Thank you in advance for you assistance!


Solution

  • Consider:

    Using a HAVING clause which executes like a where clause AFTER the selected values and aggregation is complete.

    Note: Standard SQL is to include all non-aggregated selected objects in the GROUP BY clause. So, I added the date_registered to the group by. MySQL supports this syntax but it can be dangerous to use if you don't fully understand what it's doing. (Basically it's free to pick any value in the group even if those values are different) so if a student_Id could have different date_Registered for some reason, you could get different results in each run. STANDARD SQL is to always group by all values not aggregated in the select. Other RDBMS would not even allow your current query to run.
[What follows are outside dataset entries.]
lemma compactoid_in_dagger_span:
  assumes S: "compactoid_in sm p T S" and T: "T \<subseteq> Q" "set_mult T T \<subseteq> Q"
  shows "compactoid_in sm p (dagger_span sm p Q) (dagger_span sm p S)"
proof -
  from S have "S \<subseteq> T"
    unfolding compactoid_in_def by blast
  have "\<exists>F'. finite F' \<and> F' \<subseteq> dagger_span sm p Q \<and>
      dagger_span sm p S \<subseteq> plus_smult sm (v_span sm F') (p ^ n) (dagger_span sm p Q)" for n
  proof -
    obtain F where F: "finite F" "F \<subseteq> T" "S \<subseteq> plus_smult sm (v_span sm F) (p ^ n) T"
      using S unfolding compactoid_in_def by blast
    define F' where "F' = (\<Union>j<2 * n. sm (p ^ j) ` prods F j)"
    have "finite F'"
      unfolding F'_def using F(1) by (simp add: finite_prods)
    moreover have "F' \<subseteq> dagger_span sm p Q"
    proof -
      have "prods F j \<subseteq> prods Q j" for j
        using F(2) T(1) by (intro prods_mono) (rule order_trans)
      then show ?thesis
        unfolding F'_def by (blast intro: smult_power_prods_in_dagger_span)
    qed
    moreover have "(\<Union>i. sm (p ^ i) ` prods S i) \<subseteq> plus_smult sm (v_span sm F') (p ^ n) (dagger_span sm p Q)"
      unfolding F'_def using F(3) \<open>S \<subseteq> T\<close> F(2) T by (intro UN_least smult_power_prods_subset)
    then have "dagger_span sm p S \<subseteq> plus_smult sm (v_span sm F') (p ^ n) (dagger_span sm p Q)"
      unfolding dagger_span_def[of sm p S]
      by (intro v_span_least v_submodule_plus_smult[OF alg] v_submodule_v_span v_submodule_dagger_span)
    ultimately show ?thesis
      by blast
  qed
  moreover have "dagger_span sm p S \<subseteq> dagger_span sm p Q"
    using \<open>S \<subseteq> T\<close> T(1) by (intro dagger_span_mono) (rule order_trans)
  ultimately show ?thesis
    unfolding compactoid_in_def using v_submodule_dagger_span by blast
qed
(* Let $z,w,u>0$ be parameters for which $\mathcal H(z,w,u)$ and the generating functions below are finite, and suppose that $\Gamma\mathcal{DAG}$ is a procedure such that, for every $t\in[0,u]$, $\Gamma\mathcal{DAG}(\frac{z}{1+w},w,t)$ returns each labelled DAG $G$ with probability $\frac{(z/(1+w))^{v(G)}w^{e(G)}t^{s(G)}}{(1+w)^{\binom{v(G)}2}v(G)!\,\mathrm{DAG}(\frac{z}{1+w},w,t)}$. Then the procedure $\Gamma\mathcal H(z,w,u)$ described below returns each $\mathcal H$-structure $H$ with $n$ vertices, $m$ edges and $k$ sources with probability \[\mathbb P[\Gamma\mathcal H(z,w,u)=H]=\frac{z^{n}w^{m}u^{k}}{n!\,(1+w)^{\binom n2}\,\mathcal H(z,w,u)}.\]
   Context: $\mathrm{Set}(z,w)=\sum_{n\ge0}\frac{z^n}{(1+w)^{\binom n2}n!}$. A labelled DAG with $n$ vertices is a directed acyclic graph on vertex set $\{1,\dots,n\}$; $v(G),e(G),s(G)$ denote its numbers of vertices, edges and sources (vertices of in-degree $0$). $\mathrm{DAG}(z,w,u)=\sum_G \frac{z^{v(G)}w^{e(G)}u^{s(G)}}{(1+w)^{\binom{v(G)}{2}}v(G)!}=\frac{\mathrm{Set}((u-1)z,w)}{\mathrm{Set}(-z,w)}$. An $\mathcal H$-structure is a labelled DAG with at least one vertex whose source with the smallest label is an isolated vertex (no incoming or outgoing edges); this vertex is called its distinguished source. $\mathcal H(z,w,u)=\sum_H \frac{z^{v(H)}w^{e(H)}u^{s(H)}}{(1+w)^{\binom{v(H)}2}v(H)!}$, the sum over all $\mathcal H$-structures. Procedure $\Gamma\mathcal H(z,w,u)$: draw $x$ uniform in $[0,1)$; compute the unique $t\in[0,u]$ with $\frac{\mathrm{Set}((t-1)z,w)-\mathrm{Set}(-z,w)}{\mathrm{Set}((u-1)z,w)-\mathrm{Set}(-z,w)}=x$; let $G_1=\Gamma\mathcal{DAG}(\frac z{1+w},w,t)$; form $H$ by adding a new isolated vertex $v$ to $G_1$, with $n=v(G_1)+1$; give $v$ a uniformly random label in $\{1,\dots,n\}$ and relabel $G_1$ order-preservingly with the remaining labels; finally, if the sources of $H$ carry labels $\ell_1<\dots<\ell_k$ and $v$ carries $\ell_r$, cyclically permute the labels of the sources (source with label $\ell_i$ receives label $\ell_{i-r+1 \bmod k}$) so that $v$ has the smallest source label; return $H$. *)

theory Defs
  imports "HOL-Probability.Probability"
begin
    Furthermore null evaluation in a in/not in is also suspect. Exists/not exists and correlation may be faster; but I don't see a reason to use it since I believe the Having clause will meet your need.

    Demo dbfiddle.uk

       SELECT se.student_id,
               si.date_registered,
               MIN(se.date_watched) AS first_date_watched,
               MIN(sp.date_purchased) AS first_date_purchased
        FROM student_engagement se
          LEFT JOIN student_info si ON se.student_id = si.student_id
          LEFT JOIN student_purchases sp ON se.student_id = sp.student_id
        GROUP BY se.student_id, si.date_registered
        HAVING first_date_purchased >= first_date_watched
         or first_date_purchased is null
        -- or use this in the having coalesce(first_date_purchased,first_date_watched) >= first_date_watched
        ORDER BY first_date_purchased DESC
    

    However, it's odd that you expect 4 records. Since first_date_purchased is null on two of the 5 records it would fail equality checks. Logically How is a Null value on first_date_purchased for students 255200, 255205 <= first_date_watched? but you seem to want them so we can either coalesce or use an or in the having.

    Either of these do not subjet you to a subquery or additional query as desired; but I'm unsure if either is more performant w/o a full dataset / knowledge of your indexes etc.